On the positive side, the students rose to a high standard. As one expressed it in a letter written after the trimmest had ended, she had not realized how hard it was to become competent in a profession and how thrilling it was to find herself moving toward it after much effort. Several students said that the experience whetted their appetite for law and were considering pursuing a professional degree.
On the negative side, I think that we should have allowed more time for oral argument during the semester, but were hindered in doing so by the volume of information that had to be absorbed in order for the students to competently argue their cases in Federal court.
What advice would you give to parents considering coming to (or staying at) Covenant?
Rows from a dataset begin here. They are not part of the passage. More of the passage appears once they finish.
(* Suppose $x\in X\subseteq\{1,\dots,n\}$ and $\delta$ is invertible in $R$. Then the left $\mathcal P_n$-module $\mathcal A_{X,x}$ is a direct summand of $\mathcal P_n/J_{X-\{x\}}$.
   Context: $R$ is a commutative ring, $\delta\in R$, and $\mathcal P_n=\mathcal P_n(R,\delta)$ is the partition algebra: the free $R$-module on set partitions ("diagrams") of $\{-n,\dots,-1,1,\dots,n\}$ (negative = left nodes, positive = right nodes), with product by stacking, taking the induced partition on outer nodes, and multiplying by $\delta$ for each component consisting only of middle nodes. For $Z\subseteq\{1,\dots,n\}$, $J_Z$ is the left ideal spanned by diagrams in which among the right nodes labelled by $Z$ there is a singleton block or two distinct nodes in the same block. $A_x$ is the left submodule spanned by diagrams in which the right node $x$ is a singleton, and $\mathcal A_{X,x}=A_x/(A_x\cap J_{X-\{x\}})$, a submodule of $\mathcal P_n/J_{X-\{x\}}$. *)

theory Defs
  imports Main "HOL-Library.Disjoint_Sets"
begin

text \<open>Nodes of a partition diagram on n+n nodes: left nodes -n..-1, right nodes 1..n.\<close>
definition nodes :: "nat \<Rightarrow> int set" where
  "nodes n = {- int n .. -1} \<union> {1 .. int n}"

definition diagrams :: "nat \<Rightarrow> int set set set" where
  "diagrams n = {d. partition_on (nodes n) d}"

text \<open>Stacking d1 (left) against d2 (right): right nodes of d1 are glued to the
  left nodes of d2.  Vertices are tagged: (i,0) left outer nodes (i<0),
  (i,1) middle nodes (i>0), (i,2) right outer nodes (i>0).\<close>
definition tag1 :: "int set \<Rightarrow> (int \<times> nat) set" where
  "tag1 B = (\<lambda>i. if i < 0 then (i, 0) else (i, 1)) ` B"

definition tag2 :: "int set \<Rightarrow> (int \<times> nat) set" where
  "tag2 B = (\<lambda>i. if i < 0 then (- i, 1) else (i, 2)) ` B"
As the grandfather of three alumni of Covenant, I can personally testify to the performance of the school’s graduates in college and grad school. Zoe graduated summa cum laude from both Grove City (BA) and Villanova (MA). Noah, who will be entering his senior year, is carrying a 4.0 average in philosophy and is heading to Oxford to study philosophy and then to Italy to study Latin for a year. Moreover, their former classmates have experienced similar success in college. I was talking to a graduate of Covenant last Sunday. He told me that his college classmates were terrified of having to prepare a 5-minute presentation in Speech class. He stated that he had done it so frequently that he didn’t even break a sweat in his presentation, which was head and shoulders above the other speeches.
I’m not certain of the precise makeup of the final years at Covenant, but I am aware of the Senior Thesis and I presume that there is greater freedom in the final years to experience the professions. If not, I would include visitors from the professions, chosen for their ability to communicate the particulars of professional practice. This would include college professors to alert students what to expect when they get to college. Perhaps, visits to a medical school, a college class or a business (such as Classical Academic Press) would add to their experience as a Covenant student. I also think that debating, public speaking or dramatic readings of plays and even acting out parts of plays should be a requirement of the rhetoric phase (in college, we used to get together with some of our professors and read portions of plays, always the high point of the week).
In any case, those are the things that I would offer to parents, namely, that an upperclassman at Covenant gets to do things that most people experience only (and even then, rarely) in college. In other words, the school is not just about getting the necessary number of courses to graduate, but to experience the love of learning, becoming a lifelong learner along the way.
Thank you, Mr. Zubrod, for sharing your thoughts with us!